The dispute the subject of the arbitration arises out of a contract under which the Applicant was to provide services in respect of the management of the fit‑out works at a Mulgrave property.
By originating application for issue of subpoena filed 28 August 2023, the Applicant (‘Schiavello’) seeks an order for the issue of a subpoena under s 27A of the Commercial Arbitration Act 2011 (Vic) (‘CAA’) requiring Luoda Property Holdings Pty Ltd (‘Luoda’) to produce documents. By the same application, orders are sought for the issue of a subpoena requiring Salta Properties (West) Pty Ltd to produce documents, in support of which both parties filed affidavits and exhibits.[1] The proposed subpoenas are the ‘Luoda Subpoena’ and the ‘Salta Subpoena’, respectively.
[1]Affidavit of Leighton Moon dated 29 August 2023; Second Affidavit of Leighton Moon dated 19 October 2023; Affidavit of Nicola McGrady sworn 19 October 2023; Affidavit of Tara Nelson dated 20 October 2023.
Submissions
Both parties filed brief submissions together with affidavits setting out the background to the arbitral dispute and the relevance of the proposed subpoenas to the issues in dispute.
The Applicant submits that the documents sought by issue of both subpoenas are relevant to the Applicant’s claims for relief in respect of payments for provisional sum works, extensions of time, the achievement of Practical Completion, and alleged defects in the works.[2] It also provided evidence of interactions between Luoda representatives and Schiavello representatives, relating to the project the subject of the arbitral dispute, in support of the relevance of the documents sought by issue of the Luoda Subpoena to the dispute.[3]
[2]Applicant’s Submissions in Support of Application dated 19 October 2023 (‘Applicant’s Submissions’), [5]; Second Affidavit of Leighton Moon dated 19 October 2023, [7].
[3]Affidavit of Tara Nelson dated 20 October 2023, [5].
The Respondent submits that the documents sought by issue of the Salta Subpoena are relevant to the expert determination of the cause of the defective performance of mechanical services, an issue in dispute within the arbitration.[4] Both the Applicant and Respondent submit that the consent of both parties to the proposed issue of the subpoenas is a relevant factor.[5]

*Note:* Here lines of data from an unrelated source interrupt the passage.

lemma ppay_eq_of_bid_le:
  assumes wf: "tfm_wf M" and uic: "weak_UIC M" and sc: "weak_SCP M 2" and c: "valid_bids c"
    and users: "lo < length c" "hi < length c" "lo \<noteq> hi"
    and conf: "xconf M c lo" "xconf M c hi" and bids: "c ! lo \<le> c ! hi"
  shows "ppay M c hi = ppay M c lo"
proof -
  define c2 where "c2 = c[lo := c ! hi]"
  have c2: "valid_bids c2" "length c2 = length c"
    using valid_bids_update[OF c valid_bids_nth_nonneg[OF c users(2)]] by (simp_all add: c2_def)
  have c2_nth: "c2 ! lo = c ! hi" "c2 ! hi = c ! hi" "\<forall>t<length c. t \<noteq> lo \<longrightarrow> c2 ! t = c ! t"
    using users by (simp_all add: c2_def)
  have conf2: "xconf M c2 lo"
    using weak_UIC_xconf_raise[OF wf uic c users(1) conf(1) bids] by (simp add: c2_def)
  have pay2: "ppay M c2 lo = ppay M c lo"
    using weak_UIC_ppay_stable[OF uic c users(1) valid_bids_nth_nonneg[OF c users(2)] conf(1)]
      conf2 by (simp add: c2_def)
  have tie: "xconf M c2 hi" "ppay M c2 hi = ppay M c2 lo"
    using xconf_ppay_equal_bids[OF wf c2(1) _ _ _ conf2, of hi] users c2 c2_nth by simp_all
  \<comment> \<open>the coalitions with lo alone force mu M c = mu M c2; those with lo and hi then
      compare the payments of lo and hi in both directions\<close>
  have "joint_util M (true_vals c) {lo} c2 \<le> joint_util M (true_vals c) {lo} c"
    "joint_util M (true_vals c2) {lo} c \<le> joint_util M (true_vals c2) {lo} c2"
    "joint_util M (true_vals c) {lo, hi} c2 \<le> joint_util M (true_vals c) {lo, hi} c"
    "joint_util M (true_vals c2) {lo, hi} c \<le> joint_util M (true_vals c2) {lo, hi} c2"
    by (rule weak_SCP_joint_util[OF wf sc]; use c c2 c2_nth users in \<open>auto simp: card_insert_if\<close>)+
  then show ?thesis
    using users conf conf2 pay2 tie c2 c2_nth by (simp add: joint_util_def)
qed

lemma ppay_eq_of_xconf:
  assumes wf: "tfm_wf M" and uic: "weak_UIC M" and sc: "weak_SCP M 2" and c: "valid_bids c"
    and users: "l < length c" "l' < length c" and conf: "xconf M c l" "xconf M c l'"
  shows "ppay M c l' = ppay M c l"
proof (cases "l = l'")
  case False
  then show ?thesis
    using ppay_eq_of_bid_le[OF wf uic sc c users _ conf]
      ppay_eq_of_bid_le[OF wf uic sc c users(2,1) _ conf(2,1)]
    by (cases "c ! l \<le> c ! l'") auto
qed simp

lemma upay_eq_ppay:
  assumes wf: "tfm_wf M" and uic: "weak_UIC M" and sc: "weak_SCP M 2" and c: "valid_bids c"
    and l: "l < length c" and conf: "xconf M c l"
  shows "upay M c = ppay M c l"
proof -
  have ex: "\<exists>i < length c. xconf M c i" using l conf by blast
  define s where "s = (SOME i. i < length c \<and> xconf M c i)"
  have "s < length c \<and> xconf M c s"
    unfolding s_def using someI_ex[OF ex] .
  then show ?thesis
    using ppay_eq_of_xconf[OF wf uic sc c _ l _ conf, of s] ex by (simp add: upay_def s_def)
qed

lemma weak_SCP_zero_value_bid:
  assumes wf: "tfm_wf M" and sc: "weak_SCP M 2" and b: "valid_bids b" and k: "k < length b"
  shows "mu M b + tx_util 0 (b ! k) (xconf M b k) (ppay M b k)
           \<le> mu M (b[k := 0]) - ppay M (b[k := 0]) k"
proof -
  have "joint_util M (true_vals (b[k := 0])) {k} b \<le> joint_util M (true_vals (b[k := 0])) {k} (b[k := 0])"
    by (rule weak_SCP_joint_util[OF wf sc valid_bids_update[OF b]]) (use b k in auto)
  then show ?thesis
    using k ppay_unconfirmed[of M "b[k := 0]" k]
    by (cases "xconf M (b[k := 0]) k") (auto simp: joint_util_def tx_util_def)
qed

lemma xconf_of_zeroed_competitor:
  assumes wf: "tfm_wf M" and sc: "weak_SCP M 2" and b: "valid_bids b"
    and users: "k < length b" "i < length b" "i \<noteq> k"
    and conf: "xconf M (b[k := 0]) i" and gain: "b ! i - ppay M (b[k := 0]) i > b ! k"
  shows "xconf M b i"
proof -
  let ?b' = "b[k := 0]"
  have "joint_util M (true_vals b) {i, k} ?b' \<le> joint_util M (true_vals b) {i, k} b"
    by (rule weak_SCP_joint_util[OF wf sc b]) (use b users valid_bids_update[OF b] in auto)
  then have "mu M ?b' + (b ! i - ppay M ?b' i) - ppay M ?b' k
      \<le> mu M b + tx_util (b ! i) (b ! i) (xconf M b i) (ppay M b i)
          + tx_util 0 (b ! k) (xconf M b k) (ppay M b k) + b ! k"
    using users conf ppay_unconfirmed[of M ?b' k] valid_bids_nth_nonneg[OF b users(1)]
    by (cases "xconf M ?b' k"; cases "xconf M b k") (auto simp: joint_util_def tx_util_def)
  then have "tx_util (b ! i) (b ! i) (xconf M b i) (ppay M b i) > 0"
    using weak_SCP_zero_value_bid[OF wf sc b users(1)] gain by linarith
  then show ?thesis by (auto simp: tx_util_def split: if_splits)
qed
text \<open>Optimality of \<open>q\<close> is a sum rule for \<open>H + (Jstar - \<langle>_, x\<rangle>) / t\<close>: it splits into
  \<open>b \<in> \<partial>H(q)\<close> and \<open>x - t b \<in> \<partial>Jstar(q)\<close>, and the latter puts \<open>x - t b\<close> into the domain of \<open>J\<close>.\<close>

lemma maximizer_subgradient:
  assumes t: "t > 0" and hq: "H q = ereal h" and max: "\<And>p. dual_obj x t p \<le> dual_obj x t q"
  obtains b where "b \<in> subdiff H q" "J (x - t *\<^sub>R b) < \<infinity>"
proof -
  define g where "g y = (Jstar y - y \<bullet> x) / t" for y
  have g: "convex_on UNIV g"
  proof (rule convex_onI)
    fix p r :: 'a and u :: real
    assume "0 < u" "u < 1"
    then have "Jstar ((1 - u) *\<^sub>R p + u *\<^sub>R r) \<le> (1 - u) * Jstar p + u * Jstar r"
      by (intro convex_onD[OF Jstar_convex]) auto
    then have "Jstar ((1 - u) *\<^sub>R p + u *\<^sub>R r) - ((1 - u) *\<^sub>R p + u *\<^sub>R r) \<bullet> x
        \<le> (1 - u) * (Jstar p - p \<bullet> x) + u * (Jstar r - r \<bullet> x)"
      by (simp add: inner_add_left algebra_simps)
    then show "g ((1 - u) *\<^sub>R p + u *\<^sub>R r) \<le> (1 - u) * g p + u * g r"
      using t by (simp add: g_def divide_right_mono add_divide_distrib[symmetric])
  qed simp
  have min: "h + g q \<le> b + g y" if "H y = ereal b" for y b
  proof -
    have "t * h + (Jstar q - q \<bullet> x) \<le> t * b + (Jstar y - y \<bullet> x)"
      using max[of y] that hq by (simp add: dual_obj_finite inner_commute)
    then have "(t * h + (Jstar q - q \<bullet> x)) / t \<le> (t * b + (Jstar y - y \<bullet> x)) / t"
      using t by (simp add: divide_right_mono)
    then show ?thesis
      using t by (simp add: g_def add_divide_distrib)
  qed
  obtain b where b: "b \<in> subdiff H q" and gb: "\<And>y. g q - b \<bullet> (y - q) \<le> g y"
    using convex_sum_min_subgradient[OF H_convex H_not_MInf g hq min] by blast
  define a where "a = x - t *\<^sub>R b"
  have "a \<in> subdiff (conj J) q"
    unfolding subdiff_def
  proof (intro CollectI conjI allI)
    show "q \<in> edom (conj J)"
      by (simp add: conj_J_eq edom_def)
    fix y
    have tg: "t * g z = Jstar z - z \<bullet> x" for z
      using t by (simp add: g_def)
    have "t * (g q - b \<bullet> (y - q)) \<le> t * g y"
      using gb[of y] t by (simp add: mult_left_mono)
    then have "Jstar q - q \<bullet> x - t * (b \<bullet> y) + t * (b \<bullet> q) \<le> Jstar y - y \<bullet> x"
      by (simp add: right_diff_distrib tg inner_diff_right)
    moreover have "a \<bullet> (y - q) = x \<bullet> y - x \<bullet> q - t * (b \<bullet> y) + t * (b \<bullet> q)"
      by (simp add: a_def inner_diff_left inner_diff_right)
    ultimately have "Jstar q + a \<bullet> (y - q) \<le> Jstar y"
      using inner_commute[of x y] inner_commute[of x q] by linarith
    then show "conj J q + ereal (a \<bullet> (y - q)) \<le> conj J y"
      by (simp add: conj_J_eq)
  qed
  then have "conj (conj J) a \<le> ereal (a \<bullet> q - Jstar q)"
    by (rule conj_le_of_subdiff) (simp add: conj_J_eq)
  then have "J a \<le> ereal (a \<bullet> q - Jstar q)"
    using Gamma0_le_biconj[OF Gamma0_J, of a] by (rule order_trans[rotated])
  then have "J a < \<infinity>"
    by (rule order_le_less_trans) simp
  then show ?thesis
    using that b by (simp add: a_def)
qed

lemma maximizer_interior:
  assumes t: "t > 0" and hq: "H q = ereal h" and max: "\<And>p. dual_obj x t p \<le> dual_obj x t q"
  shows "(x, t) \<in> interior (edom S)" "q \<in> interior (edom H)"
proof -
  obtain b where b: "b \<in> subdiff H q" and Jb: "J (x - t *\<^sub>R b) < \<infinity>"
    using maximizer_subgradient[OF t hq max] .
  show "q \<in> interior (edom H)"
    using Legendre_subdiff_interior[OF Legendre_H b] .
  have "(x - t *\<^sub>R b + t *\<^sub>R b, t) \<in> interior (edom S)"
    using interior_edom_S_intro[OF t Jb Legendre_subdiff_conj_interior[OF Legendre_H b]] .
  then show "(x, t) \<in> interior (edom S)"
    by simp
qed

lemma maximizer_unique:
  assumes t: "t > 0" and h1: "H p1 = ereal h1"
    and max1: "\<And>p. dual_obj x t p \<le> dual_obj x t p1" and max2: "\<And>p. dual_obj x t p \<le> dual_obj x t p2"
  shows "p1 = p2"
proof (rule ccontr)
  assume "p1 \<noteq> p2"
  obtain h2 where h2: "H p2 = ereal h2"
  proof (cases "H p2")
    case PInf
    then have "dual_obj x t p2 = -\<infinity>"
      using t by (simp add: dual_obj_def conj_J_eq)
    then show ?thesis
      using max2[of p1] h1 by (simp add: dual_obj_finite)
  qed (use H_not_MInf in auto)
  have i1: "p1 \<in> interior (edom H)" and i2: "p2 \<in> interior (edom H)"
    using maximizer_interior(2)[OF t h1 max1] maximizer_interior(2)[OF t h2 max2] .
  define m where "m = (1/2) *\<^sub>R p1 + (1/2) *\<^sub>R p2"
  have "H m < ereal ((h1 + h2) / 2)"
    unfolding m_def by (rule Legendre_midpoint_less[OF Legendre_H i1 i2 \<open>p1 \<noteq> p2\<close> h1 h2])
  then obtain hm where hm: "H m = ereal hm" "2 * hm < h1 + h2"
    using H_not_MInf[of m] by (cases "H m") auto
  have "Jstar ((1 - 1/2) *\<^sub>R p1 + (1/2) *\<^sub>R p2) \<le> (1 - 1/2) * Jstar p1 + (1/2) * Jstar p2"
    by (rule convex_onD[OF Jstar_convex]) auto
  then have "2 * Jstar m \<le> Jstar p1 + Jstar p2"
    by (simp add: m_def)
  moreover have "2 * (m \<bullet> x) = p1 \<bullet> x + p2 \<bullet> x"
    by (simp add: m_def inner_add_left)
  moreover have "2 * (t * hm) < t * h1 + t * h2"
    using mult_strict_left_mono[OF hm(2) t] by (simp add: algebra_simps)
  moreover have "p2 \<bullet> x - t * h2 - Jstar p2 \<le> p1 \<bullet> x - t * h1 - Jstar p1"
    and "p1 \<bullet> x - t * h1 - Jstar p1 \<le> p2 \<bullet> x - t * h2 - Jstar p2"
    and "m \<bullet> x - t * hm - Jstar m \<le> p1 \<bullet> x - t * h1 - Jstar p1"
    using max1[of p2] max2[of p1] max1[of m] h1 h2 hm by (simp_all add: dual_obj_finite)
  ultimately show False
    by linarith
qed

lemma maximizer_in_subdiff_S:
  assumes t: "t \<ge> 0" and hq: "H q = ereal h" and eq: "S (x, t) = dual_obj x t q"
  shows "(q, - h) \<in> subdiff S (x, t)"
proof (rule subdiff_S_intro)
  show "S (x, t) = ereal (q \<bullet> x - t * h - Jstar q)"
    using eq hq by (simp add: dual_obj_finite)
qed (use t hq in auto)

lemma subdiff_S_pos:
  assumes t: "t > 0" and sd: "(q, E) \<in> subdiff S (x, t)"
  shows "H q = ereal (- E)" "\<And>p. dual_obj x t p \<le> dual_obj x t q"
proof -
  obtain c where Sx: "S (x, t) = ereal c"
    using sd S_not_MInf[of "(x, t)"] by (cases "S (x, t)") (auto simp: subdiff_def edom_def)
  have hq: "H q \<le> ereal (- E)" and jq: "Jstar q \<le> q \<bullet> x + E * t - c"
    using halfspace_subgradient_H_bound[OF Sx subdiff_S_halfspace[OF sd]]
      halfspace_subgradient_Jstar_bound[OF Sx subdiff_S_halfspace[OF sd]] by simp_all
  obtain h where h: "H q = ereal h"
    using hq H_not_MInf[of q] by (cases "H q") auto
  have "q \<bullet> x - t * h - Jstar q \<le> c"
    using dual_obj_le_S[OF t, of x q] h Sx by (simp add: dual_obj_finite)
  then have "t * (- h) \<le> t * E"
    using jq by (simp add: algebra_simps)
  then have "- h \<le> E"
    using mult_le_cancel_left_pos[OF t, of "- h" E] by simp
  then have "h = - E"
    using hq h by simp
  then show "H q = ereal (- E)"
    using h by simp
  fix p
  have "dual_obj x t p \<le> S (x, t)"
    using dual_obj_le_S[OF t] .
  also have "\<dots> \<le> dual_obj x t q"
    using Sx h \<open>h = - E\<close> jq by (simp add: dual_obj_finite algebra_simps)
  finally show "dual_obj x t p \<le> dual_obj x t q" .
qed

lemma interior_dual_maximizer:
  assumes int: "(x, t) \<in> interior (edom S)"
  obtains c h where "H c = ereal h" "\<And>q. dual_obj x t q \<le> dual_obj x t c" "S (x, t) = dual_obj x t c"
proof -
  have t: "t > 0"
    using interior_edom_S_pos[OF int] .
  obtain Sx where Sx: "S (x, t) = ereal Sx"
    using int interior_subset S_not_MInf[of "(x, t)"] by (cases "S (x, t)") (auto simp: edom_def)
  obtain c E where sg: "\<And>y s. s > 0 \<Longrightarrow> S (x, t) + ereal (c \<bullet> (y - x) + E * (s - t)) \<le> S (y, s)"
    by (rule interior_S_subgradient[OF int]) blast
  have hc: "H c \<le> ereal (- E)" and jc: "Jstar c \<le> c \<bullet> x + E * t - Sx"
    using halfspace_subgradient_H_bound[OF Sx sg] halfspace_subgradient_Jstar_bound[OF Sx sg] by auto
  obtain h where h: "H c = ereal h"
    using hc H_not_MInf[of c] by (cases "H c") auto
  have "t * h \<le> t * (- E)"
    using hc h t by (intro mult_left_mono) auto
  then have "S (x, t) \<le> dual_obj x t c"
    using jc Sx h by (simp add: dual_obj_finite algebra_simps)
  moreover have "dual_obj x t q \<le> S (x, t)" for q
    using dual_obj_le_S[OF t] .
  ultimately show ?thesis
    using that[OF h] order_trans antisym by blast
qed
(* For every integer $n\ge 4$, in the Maker–Breaker transversal game on an $n\times n$ grid, the first player (Maker) has a winning strategy; moreover Maker can win with a strategy whose first move is the top-left cell $(1,1)$.
   Context: A transversal of an $n\times n$ grid is a set of $n$ cells no two of which lie in the same row or the same column. Cell $(a,b)$ denotes the cell in row $a$ (counted from the top) and column $b$ (counted from the left). In the Maker–Breaker transversal game on an $n\times n$ grid, two players alternately claim unoccupied cells, Maker moving first. Maker wins if at some point he has claimed all $n$ cells of some transversal; otherwise (in particular if the grid is filled without this happening) Breaker wins. Breaker claiming a transversal has no effect. *)

theory Defs
  imports Main
begin

definition grid :: "nat \<Rightarrow> (nat \<times> nat) set" where
  "grid n = {1..n} \<times> {1..n}"

definition is_transversal :: "nat \<Rightarrow> (nat \<times> nat) set \<Rightarrow> bool" where
  "is_transversal n T \<longleftrightarrow> T \<subseteq> grid n \<and> card T = n \<and> inj_on fst T \<and> inj_on snd T"

definition has_transversal :: "nat \<Rightarrow> (nat \<times> nat) set \<Rightarrow> bool" where
  "has_transversal n M \<longleftrightarrow> (\<exists>T. T \<subseteq> M \<and> is_transversal n T)"

text \<open>maker_wins n M B: in the position where Maker owns M, Breaker owns B and it is
  Maker's turn, Maker has a winning strategy. Maker wins as soon as his cells contain a
  transversal; if the board fills up first, Breaker wins. (The game is finite, so the
  least fixed point characterises exactly the positions with a winning strategy.)\<close>
inductive maker_wins :: "nat \<Rightarrow> (nat \<times> nat) set \<Rightarrow> (nat \<times> nat) set \<Rightarrow> bool"
  for n :: nat where
  win_now: "\<lbrakk> c \<in> grid n - M - B; has_transversal n (insert c M) \<rbrakk> \<Longrightarrow> maker_wins n M B"
| win_later: "\<lbrakk> c \<in> grid n - M - B; grid n - insert c M - B \<noteq> {};
     \<forall>d \<in> grid n - insert c M - B. maker_wins n (insert c M) (insert d B) \<rbrakk>
     \<Longrightarrow> maker_wins n M B"

definition maker_wins_with_move :: "nat \<Rightarrow> (nat \<times> nat) set \<Rightarrow> (nat \<times> nat) set \<Rightarrow> nat \<times> nat \<Rightarrow> bool" where
  "maker_wins_with_move n M B c \<longleftrightarrow> c \<in> grid n - M - B \<and>
     (has_transversal n (insert c M) \<or>
      (grid n - insert c M - B \<noteq> {} \<and>
       (\<forall>d \<in> grid n - insert c M - B. maker_wins n (insert c M) (insert d B))))"

end

theory Submission
  imports Defs "HOL-Library.Disjoint_Sets"
begin

(* Maker plays a pairing strategy: the free cells contain a family of disjoint pairs, and whenever
   Breaker claims a cell of a pair, Maker claims the other one, so Maker ends up with a cell of
   every pair. Write n = 2m or n = 2m + 1 and group the lines into m cyclically ordered blocks of
   two consecutive rows and columns, after the corner (1,1) when n is odd; Maker takes (1,1) first.
   Pair the two cells of each row of a block lying in the block's own columns, and the two cells of
   each column of the next block lying in the block's rows. A set S meeting every pair then contains
   a transversal: every row sees S in its own block, and every column of the next block sees S in
   the block's rows. If in each block the two rows see different own columns, this is a
   transversal; otherwise a block whose rows see only one column breaks the cyclic dependencies,
   and going around the cycle each block hands one of its rows to a column of the next block. *)

lemma finite_grid: "finite (grid n)"
  unfolding grid_def by simp

lemma maker_wins_if_wins_with_move: "maker_wins_with_move n M B c \<Longrightarrow> maker_wins n M B"
  unfolding maker_wins_with_move_def by (metis maker_wins.win_now maker_wins.win_later)

(* Maker is to move; a single-cell pair is the partner of the cell Breaker has just claimed. *)
definition pairing_position ::
    "nat \<Rightarrow> (nat \<times> nat) set \<Rightarrow> (nat \<times> nat) set \<Rightarrow> (nat \<times> nat) set set \<Rightarrow> bool" where
  "pairing_position n M B P \<longleftrightarrow>
     (\<forall>q\<in>P. q \<subseteq> grid n - M - B \<and> card q \<in> {1, 2}) \<and> disjoint P \<and>
     (\<forall>q\<in>P. \<forall>q'\<in>P. card q = 1 \<longrightarrow> card q' = 1 \<longrightarrow> q = q') \<and>
     (\<forall>S. (\<forall>q\<in>P. q \<inter> S \<noteq> {}) \<longrightarrow> has_transversal n (M \<union> S))"

lemma pairing_position_pivot:
  assumes "pairing_position n M B P" and "P \<noteq> {}"
  obtains p where "p \<in> P" and "\<forall>q\<in>P - {p}. card q = 2"
proof -
  have sizes: "\<forall>q\<in>P. card q \<in> {1, 2}"
    and unique: "\<forall>q\<in>P. \<forall>q'\<in>P. card q = 1 \<longrightarrow> card q' = 1 \<longrightarrow> q = q'"
    using assms(1) unfolding pairing_position_def by blast+
  obtain p where "p \<in> P" and "\<forall>q\<in>P. card q = 1 \<longrightarrow> q = p"
  proof (cases "\<exists>p\<in>P. card p = 1")
    case True
    with unique that show ?thesis by blast
  next
    case False
    with assms(2) that show ?thesis by blast
  qed
  with sizes show ?thesis
    using that by blast
qed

[4]Respondent’s Submissions in Support of Application dated 19 October 2023 (‘Respondent’s Submissions’), [20].
[5]Applicant’s Submissions, [6]; Respondent’s Submissions, [21].
Legislative regime
Section 27A of the CAA provides as follows:
(1)The Court may, on the application of any party, and subject to and in accordance with rules of court, issue a subpoena requiring a person—
(a) to attend for examination before the arbitral tribunal; or
(b)to produce to the arbitral tribunal the documents specified in the subpoena; or
(c) to do both of those things.
(2)A party may only make an application to the Court under subsection (1) with the permission of the arbitral tribunal.
(3)A person must not be compelled under any subpoena issued in accordance with subsection (1) to answer any question or produce any document that the person could not be compelled to answer or produce in a proceeding before the Court.
Subpoenas relating to domestic commercial arbitration are regulated by r 9.14 of the Supreme Court (Miscellaneous Civil Proceedings) Rules2018 (Vic) (‘the Arbitration Rules’), which provide as follows:
(1)An application for the issue of a subpoena under section 27A of the Commercial Arbitration Act shall be in Form 2–9O.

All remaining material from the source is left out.